═══ DATA TO USE

section \<open>Orthogonal matrices annihilated by an irreducible quadratic\<close>

text \<open>Multiplying \<open>a + bT + cT\<^sup>2 = 0\<close> by \<open>T\<^sup>T = T\<^sup>-\<^sup>1\<close> gives \<open>aT\<^sup>T + b + cT = 0\<close>. If \<open>a \<noteq> c\<close>,
  comparing this with its transpose makes \<open>T\<close> symmetric, hence \<open>T\<^sup>2 = 1\<close>, and the two relations
  at the entry \<open>(0, 0)\<close> produce a real root of the polynomial.\<close>
lemma orthogonal_quadratic_annihilator_palindromic:
  fixes T :: "real mat"
  assumes T: "T \<in> carrier_mat n n" and orth: "transpose_mat T * T = 1\<^sub>m n" and n: "n > 0"
    and ann: "poly_mat n [:a, b, c:] T = 0\<^sub>m n n" and no_root: "\<And>x. poly [:a, b, c:] x \<noteq> 0"
  shows "a = c"
proof (rule ccontr)
  assume "a \<noteq> c"
  let ?Tt = "transpose_mat T"
  have Tt: "?Tt \<in> carrier_mat n n" using T by simp
  have X: "a \<cdot>\<^sub>m 1\<^sub>m n + b \<cdot>\<^sub>m T + c \<cdot>\<^sub>m (T * T) = 0\<^sub>m n n"
    using ann by (simp add: poly_mat_quadratic[OF T])
  have "?Tt * (a \<cdot>\<^sub>m 1\<^sub>m n + b \<cdot>\<^sub>m T + c \<cdot>\<^sub>m (T * T)) = a \<cdot>\<^sub>m ?Tt + b \<cdot>\<^sub>m 1\<^sub>m n + c \<cdot>\<^sub>m T"
    using T orth mult_inverse_cancel_left_mat[OF Tt T T orth]
    by (simp add: mult_add_distrib_mat[of ?Tt n n _ n] mult_smult_distrib[of ?Tt n n _ n])
  with X T have Y: "a \<cdot>\<^sub>m ?Tt + b \<cdot>\<^sub>m 1\<^sub>m n + c \<cdot>\<^sub>m T = 0\<^sub>m n n"
    by simp
  have X_entry: "a * (if i = j then 1 else 0) + b * T $$ (i,j) + c * (T * T) $$ (i,j) = 0"
    if "i < n" "j < n" for i j
    using arg_cong[OF X, of "\<lambda>M. M $$ (i,j)"] that T by simp
  have Y_entry: "a * T $$ (j,i) + b * (if i = j then 1 else 0) + c * T $$ (i,j) = 0"
    if "i < n" "j < n" for i j
    using arg_cong[OF Y, of "\<lambda>M. M $$ (i,j)"] that T by simp
  have "T $$ (j,i) = T $$ (i,j)" if "i < n" "j < n" for i j
  proof -
    have "(a - c) * (T $$ (j,i) - T $$ (i,j)) = 0"
      using Y_entry[OF that] Y_entry[OF that(2,1)] by (auto simp: algebra_simps split: if_splits)
    then show ?thesis using \<open>a \<noteq> c\<close> by simp
  qed
  then have "?Tt = T" using T by (intro eq_matI) auto
  then have "(T * T) $$ (0,0) = 1" using orth n by simp
  define t where "t = T $$ (0,0)"
  have 1: "a + b * t + c = 0" and 2: "a * t + b + c * t = 0"
    using X_entry[OF n n] Y_entry[OF n n] \<open>(T * T) $$ (0,0) = 1\<close> by (simp_all add: t_def)
  show False
  proof (cases "b = 0")
    case True
    then show False using 1 no_root[of 1] by simp
  next
    case False
    have "a + c = - (b * t)" using 1 by linarith
    moreover have "(a + c) * t + b = 0" using 2 by (simp add: algebra_simps)
    ultimately have "b * (1 - t * t) = 0" by (simp add: algebra_simps)
    with False have "t * t = 1" by simp
    then show False using 1 no_root[of t] by (simp add: algebra_simps)
  qed
qed
lemma lmult_sandwich: "lmult a (sandwich (tgt n a) p ts q) = sandwich (src n a) (a # p) ts q"
proof -
  have "(\<Sum>(c, t)\<leftarrow>ts. if w = a # p @ t @ q then c else 0) = 0" if "w = [] \<or> hd w \<noteq> a" for w
    using that by (induction ts) auto
  then show ?thesis
    by (auto simp: lmult_def sandwich_def fun_eq_iff neq_Nil_conv case_prod_unfold)
qed

definition ideal_from :: "nat \<Rightarrow> nat \<Rightarrow> 'k kQ set" where
  "ideal_from k i = kQ.span (\<Union>j. ideal_deg n (rels n \<alpha> \<beta>) k i j)"

lemma lmult_ideal_from:
  assumes a: "arr_ok n a" and f: "f \<in> ideal_from k (tgt n a)"
  shows "lmult a f \<in> ideal_from (Suc k) (src n a)"
  using f unfolding ideal_from_def
proof (induction rule: kQ.span_induct_alt)
  case base
  then show ?case
    using kQ.span_zero lmult_zero by (metis zero_fun_def)
next
  case (step c g h)
  obtain p q a' b' j ts where g: "g = sandwich (tgt n a) p ts q"
    and r: "(a', b', ts) \<in> rels n \<alpha> \<beta>" "is_path n (tgt n a) p a'" "is_path n b' q j"
      "length p + length (snd (hd ts)) + length q = k"
    using step(1) unfolding ideal_deg_def by blast
  have "is_path n (src n a) (a # p) a'"
    using r(2) a by (auto simp: is_path_def walk.simps(2) src_def ps_def split: arr.splits)
  then have "lmult a g \<in> ideal_deg n (rels n \<alpha> \<beta>) (Suc k) (src n a) j"
    unfolding ideal_deg_def g lmult_sandwich using r by fastforce
  then show ?case
    unfolding lmult_add lmult_scale using step(2)
    by (meson UN_I UNIV_I kQ.span_add kQ.span_base kQ.span_scale)
qed

lemma lmult_U_ideal_from: "x < n \<Longrightarrow> f \<in> ideal_from k (ps n x) \<Longrightarrow> lmult (U x) f \<in> ideal_from (Suc k) x"
  using lmult_ideal_from[of "U x"] by simp

lemma lmult_D_ideal_from: "y < n \<Longrightarrow> f \<in> ideal_from k y \<Longrightarrow> lmult (D y) f \<in> ideal_from (Suc k) (ps n y)"
  using lmult_ideal_from[of "D y"] by simp

definition normal_comb :: "nat \<Rightarrow> nat \<Rightarrow> nat \<Rightarrow> (nat \<Rightarrow> 'k) \<Rightarrow> 'k kQ" where
  "normal_comb x p q g = (\<Sum>c\<le>min p q. scaleQ (g c) (pvec (x, normal_word n x (p - c) c (q - c))))"

definition normal_form :: "nat \<Rightarrow> arr list \<Rightarrow> 'k kQ" where
  "normal_form x w = normal_comb x (count_U w) (count_D w) (nf_coeffs x w)"

lemma normal_comb_eq_sum_le:
  assumes "\<And>c. g c \<noteq> 0 \<Longrightarrow> c \<le> m" "m \<le> min p q"
  shows "normal_comb x p q g = (\<Sum>c\<le>m. scaleQ (g c) (pvec (x, normal_word n x (p - c) c (q - c))))"
  unfolding normal_comb_def by (rule sum.mono_neutral_right) (use assms in auto)

lemma normal_comb_unit:
  "b \<le> min p q \<Longrightarrow> normal_comb x p q (unit_coeffs b) = pvec (x, normal_word n x (p - b) b (q - b))"
  by (simp add: normal_comb_def unit_coeffs_def if_distrib[of "\<lambda>c. scaleQ c _"] sum.delta
      kQ.scale_zero_left cong: if_cong)

lemma normal_comb_linear:
  "normal_comb x p q (\<lambda>c. a * g c + b * h c) = scaleQ a (normal_comb x p q g) + scaleQ b (normal_comb x p q h)"
  unfolding normal_comb_def by (simp add: kQ.scale_left_distrib sum.distrib kQ.scale_sum_right)

lemma normal_comb_sum:
  "finite S \<Longrightarrow> normal_comb x p q (\<lambda>c'. \<Sum>c\<in>S. f c * h c c') = (\<Sum>c\<in>S. scaleQ (f c) (normal_comb x p q (h c)))"
  unfolding normal_comb_def by (simp add: kQ.scale_sum_left kQ.scale_sum_right sum.swap[of _ S])

lemma normal_comb_sum_list:
  "normal_comb x p q (\<lambda>b. \<Sum>(c, t)\<leftarrow>ts. c * g t b) = (\<Sum>(c, t)\<leftarrow>ts. scaleQ c (normal_comb x p q (g t)))"
  by (induction ts) (auto simp: normal_comb_def kQ.scale_left_distrib sum.distrib kQ.scale_sum_right)

lemma normal_comb_apply_not_normal: "w \<notin> normal_words n x \<Longrightarrow> normal_comb x p q g (v, w) = 0"
  by (auto simp: normal_comb_def sum_apply scaleQ_apply pvec_def normal_words_def intro!: sum.neutral)

lemma lmult_U_normal_comb:
  assumes x: "x < n" and g: "\<And>c. g c \<noteq> 0 \<Longrightarrow> c \<le> min p q"
  shows "lmult (U x) (normal_comb (ps n x) p q g) = normal_comb x (Suc p) q g"
proof -
  have "lmult (U x) (normal_comb (ps n x) p q g)
      = (\<Sum>c\<le>min p q. scaleQ (g c) (pvec (x, normal_word n x (Suc p - c) c (q - c))))"
    unfolding normal_comb_def lmult_sum lmult_scale
    using lmult_pvec[of "U x"] x by (intro sum.cong) (auto simp: Suc_diff_le)
  also have "\<dots> = normal_comb x (Suc p) q g"
    by (rule normal_comb_eq_sum_le[symmetric]) (use g in auto)
  finally show ?thesis .
qed

lemma normal_form_normal_word:
  "x < n \<Longrightarrow> normal_form x (normal_word n x a b c) = pvec (x, normal_word n x a b c)"
  using normal_comb_unit[of b "a + b" "b + c" x]
  by (simp add: normal_form_def normal_word_counts nf_coeffs_normal_word)

lemma sandwich_eq_sum_list: "sandwich i p ts q = (\<Sum>(c, t)\<leftarrow>ts. scaleQ c (pvec (i, p @ t @ q)))"
proof -
  have nil: "sandwich i p [] q = 0"
    by (simp add: sandwich_def fun_eq_iff)
  have cons: "sandwich i p ((c, t) # ts) q = scaleQ c (pvec (i, p @ t @ q)) + sandwich i p ts q" for c t ts
    by (auto simp: sandwich_def fun_eq_iff pvec_def scaleQ_apply)
  show ?thesis
    by (induction ts) (auto simp: nil cons)
qed

lemma sandwich_in_ideal_from:
  assumes "(a, b, ts) \<in> rels n \<alpha> \<beta>" "walk n b Y = Some j"
  shows "sandwich a [] ts Y \<in> ideal_from (length Y + 3) a"
proof -
  have "is_path n a [] a" "is_path n b Y j"
    using assms rels_terms(1,2)[OF assms(1)] by (auto simp: is_path_def)
  then have "sandwich a [] ts Y \<in> ideal_deg n (rels n \<alpha> \<beta>) (length Y + 3) a j"
    using assms(1) rels_terms(3)[OF assms(1)] unfolding ideal_deg_def by fastforce
  then show ?thesis
    unfolding ideal_from_def by (blast intro: kQ.span_base)
qed

lemma relA_in_ideal_from:
  assumes "i < n" "walk n (ps n i) Y = Some j"
  shows "pvec (i, D (pm n i) # U (pm n i) # U i # Y) - scaleQ (\<alpha> i) (pvec (i, U i # D i # U i # Y))
    - scaleQ (\<beta> i) (pvec (i, U i # U (ps n i) # D (ps n i) # Y)) \<in> ideal_from (length Y + 3) i"
proof -
  have "relA n \<alpha> \<beta> i \<in> rels n \<alpha> \<beta>"
    using assms(1) by (auto simp: rels_def)
  from sandwich_in_ideal_from[OF this[unfolded relA_def] assms(2)] show ?thesis
    by (simp add: sandwich_eq_sum_list) (simp add: algebra_simps)
qed

lemma relB_in_ideal_from:
  assumes "i < n" "walk n i Y = Some j"
  shows "pvec (ps n i, D i # D (pm n i) # U (pm n i) # Y) - scaleQ (\<alpha> i) (pvec (ps n i, D i # U i # D i # Y))
    - scaleQ (\<beta> i) (pvec (ps n i, U (ps n i) # D (ps n i) # D i # Y)) \<in> ideal_from (length Y + 3) (ps n i)"
proof -
  have "relB n \<alpha> \<beta> i \<in> rels n \<alpha> \<beta>"
    using assms(1) by (auto simp: rels_def)
  from sandwich_in_ideal_from[OF this[unfolded relB_def] assms(2)] show ?thesis
    by (simp add: sandwich_eq_sum_list) (simp add: algebra_simps)
qed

══════

§ **TASK REQUIREMENTS**: The response must hold only the lines above from the line with "c:] x \<noteq>" through the line with "using T by simp", each copied exactly, both ends kept.

§ **EXERCISE RESULT**:
    and ann: "poly_mat n [:a, b, c:] T = 0\<^sub>m n n" and no_root: "\<And>x. poly [:a, b, c:] x \<noteq> 0"
  shows "a = c"
proof (rule ccontr)
  assume "a \<noteq> c"
  let ?Tt = "transpose_mat T"
  have Tt: "?Tt \<in> carrier_mat n n" using T by simp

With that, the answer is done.